Tables in the database can be constructed at various levels of
abstraction, as required to satisfy network operational demands.
Programmability may be provided by a declarative language in which
an end result is specified rather than specifying how the end
result should be obtained. A rule-based language--in which rules
are implemented dependent on the values of a set of data--may be
used to provide flexible programmability and thereby enable the
identification and enforcement of network-wide management
constraints, and to achieve high-level task scheduling.
Accordingly, a declarative, rule-based language may be used to
interact with the database. The database may be centralized or may
be distributed over various appropriate network elements.
[0004] In one embodiment, the disclosed technology involves:
changing, at an address of a memory device, the address associated
with a cell of a table in a relational database, data
representative of a characteristic associated with a component of a
network; and communicating, to a component of the network,
information associated with the data change.

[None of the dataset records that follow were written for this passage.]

lemma L1norm_R01_le:
  assumes dt: "0 < dt" and P: "0 \<le> P" and M: "0 < M"
    and p: "p > 1" and q: "q > 1" and pq: "1/p + 1/q = 1"
    and F: "\<And>K. K \<in> cells \<Longrightarrow> card (E K) \<le> F"
    and rho: "\<And>K n. K \<in> cells \<Longrightarrow> n \<le> N \<Longrightarrow> 0 < rho K n \<and> rho K n \<le> M"
    and curvature: "\<And>K n. K \<in> cells \<Longrightarrow> n < N \<Longrightarrow> \<bar>phi'' (rt K n)\<bar> \<le> P"
  shows "L1norm N dt cells volK (R01 E volK volS nrm u phi'' rho rt)
    \<le> (real F * real DIM('a)) powr (1/p) * C_M * M powr ((2 * p - 1) / p) * P
      * tBV N cells volK rho powr (1/p) * W1q_pow q N dt cells E volK h u powr (1/q) * dt powr (1/p)"
proof -
  let ?I = "space_time_faces N"
  let ?FD = "real F * real DIM('a)"
  let ?T = "tBV N cells volK rho"
  let ?W = "W1q_pow q N dt cells E volK h u"
  define A where "A = (\<Sum>(n, K, s, i)\<in>?I. dt * volK K * \<bar>rho K (Suc n) - rho K n\<bar> powr p)"
  define B where "B = (\<Sum>(n, K, s, i)\<in>?I. dt * volK K * \<bar>discrete_grad u n K s i\<bar> powr q)"
  have AB_nonneg: "0 \<le> A" "0 \<le> B"
    unfolding A_def B_def space_time_faces_def using dt less_imp_le[OF cell_measure_pos]
    by (auto intro!: sum_nonneg)
  have T_nonneg: "0 \<le> ?T"
    unfolding tBV_def using less_imp_le[OF cell_measure_pos] by (auto intro!: sum_nonneg)
  have A_le: "A powr (1/p) \<le> (?FD * M powr (p - 1) * dt * ?T) powr (1/p)"
    unfolding A_def using AB_nonneg dt p F rho
    by (intro powr_mono2 sum_jump_powr_le) (auto simp: A_def)
  have B_le: "B powr (1/q) \<le> ?W powr (1/q)"
    unfolding B_def using AB_nonneg dt q
    by (intro powr_mono2 sum_discrete_grad_powr_le) (auto simp: B_def)
  have split: "(?FD * M powr (p - 1) * dt * ?T) powr (1/p)
      = ?FD powr (1/p) * M powr ((p - 1) / p) * dt powr (1/p) * ?T powr (1/p)"
    using M dt T_nonneg by (simp add: powr_mult powr_powr)
  have M_pow: "M * M powr ((p - 1) / p) = M powr ((2 * p - 1) / p)"
  proof -
    have "(2 * p - 1) / p = 1 + (p - 1) / p" using p by (simp add: field_simps)
    then show ?thesis using M by (simp add: powr_add)
  qed
  have "L1norm N dt cells volK (R01 E volK volS nrm u phi'' rho rt) \<le> P * M * C_M * A powr (1/p) * B powr (1/q)"
    unfolding A_def B_def using dt P M p q pq curvature rho by (intro L1norm_R01_le_Holder) auto
  also have "\<dots> \<le> P * M * C_M * (?FD * M powr (p - 1) * dt * ?T) powr (1/p) * ?W powr (1/q)"
    using A_le B_le P M CM_pos by (intro mult_mono mult_left_mono) auto
  also have "\<dots> = ?FD powr (1/p) * C_M * (M * M powr ((p - 1) / p)) * P
      * ?T powr (1/p) * ?W powr (1/q) * dt powr (1/p)"
    unfolding split by (simp only: mult_ac)
  finally show ?thesis
    unfolding M_pow .
qed

(* The mean-value identity defining rt is not needed: convexity gives phi'' >= 0, so
   |phi'' (rt K n)| <= phi2inf M phi'' as soon as rt K n lies in [1/M, M]. *)
lemma L1norm_R01_le_uniform:
  assumes dt: "0 < dt" and M: "1 < M"
    and p: "1 \<le> p" and q: "1 \<le> q" and pq: "1/p + 1/q = 1"
    and F: "\<And>K. K \<in> cells \<Longrightarrow> card (E K) \<le> F"
    and rho: "\<And>K n. K \<in> cells \<Longrightarrow> n \<le> N \<Longrightarrow> 0 < rho K n \<and> rho K n \<le> M \<and> 1 / rho K n \<le> M"
    and rt: "\<And>K n. K \<in> cells \<Longrightarrow> n < N \<Longrightarrow>
      min (rho K n) (rho K (Suc n)) \<le> rt K n \<and> rt K n \<le> max (rho K n) (rho K (Suc n))"
    and phi: "convex_on {0<..} phi" "\<And>x. 0 < x \<Longrightarrow> (phi has_real_derivative phi' x) (at x)"
      "\<And>x. 0 < x \<Longrightarrow> (phi' has_real_derivative phi'' x) (at x)" "continuous_on {0<..} phi''"
  shows "L1norm N dt cells volK (R01 E volK volS nrm u phi'' rho rt)
    \<le> (real F * real DIM('a) + 1) * C_M * M powr ((2 * p - 1) / p) * phi2inf M phi''
      * tBV N cells volK rho powr (1/p) * W1q_pow q N dt cells E volK h u powr (1/q) * dt powr (1/p)"
proof -
  let ?FD = "real F * real DIM('a)"
  have pq_gt: "p > 1" "q > 1"
  proof -
    have "0 < 1/p" "0 < 1/q" using p q by auto
    then have "1/p < 1" "1/q < 1" using pq by linarith+
    then show "p > 1" "q > 1" using p q by (auto simp: divide_less_eq)
  qed
  have curvature_bound: "\<bar>phi'' x\<bar> \<le> phi2inf M phi''" if "x \<in> {1/M..M}" for x
    using phi M that by (intro abs_second_deriv_le_phi2inf[where f=phi and f'=phi']) auto
  have phi2inf_nonneg: "0 \<le> phi2inf M phi''"
    using M curvature_bound[of 1] abs_ge_zero[of "phi'' 1"] by simp
  have rho_lower: "1/M \<le> rho K n" if "K \<in> cells" "n \<le> N" for K n
    using rho[OF that] M by (auto simp: divide_le_eq mult.commute)
  have rt_in: "rt K n \<in> {1/M..M}" if "K \<in> cells" "n < N" for K n
    using rt[OF that] rho[OF that(1), of n] rho[OF that(1), of "Suc n"]
      rho_lower[OF that(1), of n] rho_lower[OF that(1), of "Suc n"] that(2)
    by (auto simp: min_def max_def split: if_splits)
  have FD_le: "?FD powr (1/p) \<le> ?FD + 1"
  proof -
    have "?FD powr (1/p) \<le> (?FD + 1) powr (1/p)"
      using pq_gt by (intro powr_mono2) auto
    also have "\<dots> \<le> (?FD + 1) powr 1"
      using pq_gt by (intro powr_mono) auto
    finally show ?thesis by simp
  qed
  have "L1norm N dt cells volK (R01 E volK volS nrm u phi'' rho rt)
      \<le> ?FD powr (1/p) * C_M * M powr ((2 * p - 1) / p) * phi2inf M phi''
        * tBV N cells volK rho powr (1/p) * W1q_pow q N dt cells E volK h u powr (1/q) * dt powr (1/p)"
    using dt pq pq_gt M F rho phi2inf_nonneg rt_in by (intro L1norm_R01_le curvature_bound) auto
  also have "\<dots> \<le> (?FD + 1) * C_M * M powr ((2 * p - 1) / p) * phi2inf M phi''
        * tBV N cells volK rho powr (1/p) * W1q_pow q N dt cells E volK h u powr (1/q) * dt powr (1/p)"
    using FD_le CM_pos phi2inf_nonneg by (intro mult_right_mono) simp_all
  finally show ?thesis .
qed

end

theorem lemma3p4:
  fixes F :: nat
  shows "\<exists>C>0. \<forall>(cells::nat set) (E::nat \<Rightarrow> nat set) (volK::nat \<Rightarrow> real) (volS::nat \<Rightarrow> real)
      (h::nat \<Rightarrow> real) (nrm::nat \<Rightarrow> nat \<Rightarrow> 'a::euclidean_space) (u::nat \<Rightarrow> nat \<Rightarrow> 'a)
      (N::nat) (dt::real) (phi::real \<Rightarrow> real) (phi1::real \<Rightarrow> real) (phi2::real \<Rightarrow> real)
      (rho::nat \<Rightarrow> nat \<Rightarrow> real) (rt::nat \<Rightarrow> nat \<Rightarrow> real) (M::real) (p::real) (q::real).
    finite cells \<and> cells \<noteq> {} \<and>
    (\<forall>K\<in>cells. finite (E K) \<and> E K \<noteq> {} \<and> card (E K) \<le> F \<and> volK K > 0 \<and> h K > 0 \<and>
        (\<forall>s\<in>E K. volS s > 0 \<and> norm (nrm K s) = 1) \<and>
        (\<Sum>s\<in>E K. volS s *\<^sub>R nrm K s) = 0) \<and>
    dt > 0 \<and>
    (\<forall>x>0. (phi has_real_derivative phi1 x) (at x)) \<and>
    (\<forall>x>0. (phi1 has_real_derivative phi2 x) (at x)) \<and>
    continuous_on {0<..} phi2 \<and> convex_on {0<..} phi \<and>
    M > 1 \<and>
    (\<forall>K\<in>cells. \<forall>n\<le>N. 0 < rho K n \<and> rho K n \<le> M \<and> 1 / rho K n \<le> M) \<and>
    (\<forall>K\<in>cells. \<forall>n<N. min (rho K n) (rho K (Suc n)) \<le> rt K n \<and>
        rt K n \<le> max (rho K n) (rho K (Suc n)) \<and>
        phi1 (rho K (Suc n)) - phi1 (rho K n) = phi2 (rt K n) * (rho K (Suc n) - rho K n)) \<and>
    p \<ge> 1 \<and> q \<ge> 1 \<and> 1 / p + 1 / q = 1
    \<longrightarrow>
    L1norm N dt cells volK (R01 E volK volS nrm u phi2 rho rt)
      \<le> C * CM cells E volK volS h * M powr ((2 * p - 1) / p) * phi2inf M phi2
          * tBV N cells volK rho powr (1 / p)
          * W1q_pow q N dt cells E volK h u powr (1 / q)
          * dt powr (1 / p)"
proof (intro exI[of _ "real F * real DIM('a) + 1"] conjI allI impI, goal_cases)
  case 1
  show ?case by (simp add: add_nonneg_pos)
next
  case (2 cells E volK volS h nrm u N dt phi phi1 phi2 rho rt M p q)
  then interpret polytopal_mesh cells E volK volS h nrm
    by unfold_locales blast+
  show ?case
    by (rule L1norm_R01_le_uniform[where phi=phi and phi'=phi1]) (use 2 in blast)+
qed

end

[0005] In another embodiment, the disclosed technology involves:
receiving information associated with a change in data entered in a
memory device, the data entered at a memory position of the memory
device associated with a cell of at least one table of a relational
database, the data being associated with a characteristic of a
component of a network; and changing the characteristic of the
component based on the received information.
[0006] In another embodiment, the disclosed technology involves:
entering, at addresses of a memory device associated with cells of
at least two tables in a relational database, data representative
of characteristics associated with at least two components of a
network; changing, in at least one of the tables of the database,
data representative of a characteristic of at least one component
of the network; and communicating, to the one component,
information associated with the data change.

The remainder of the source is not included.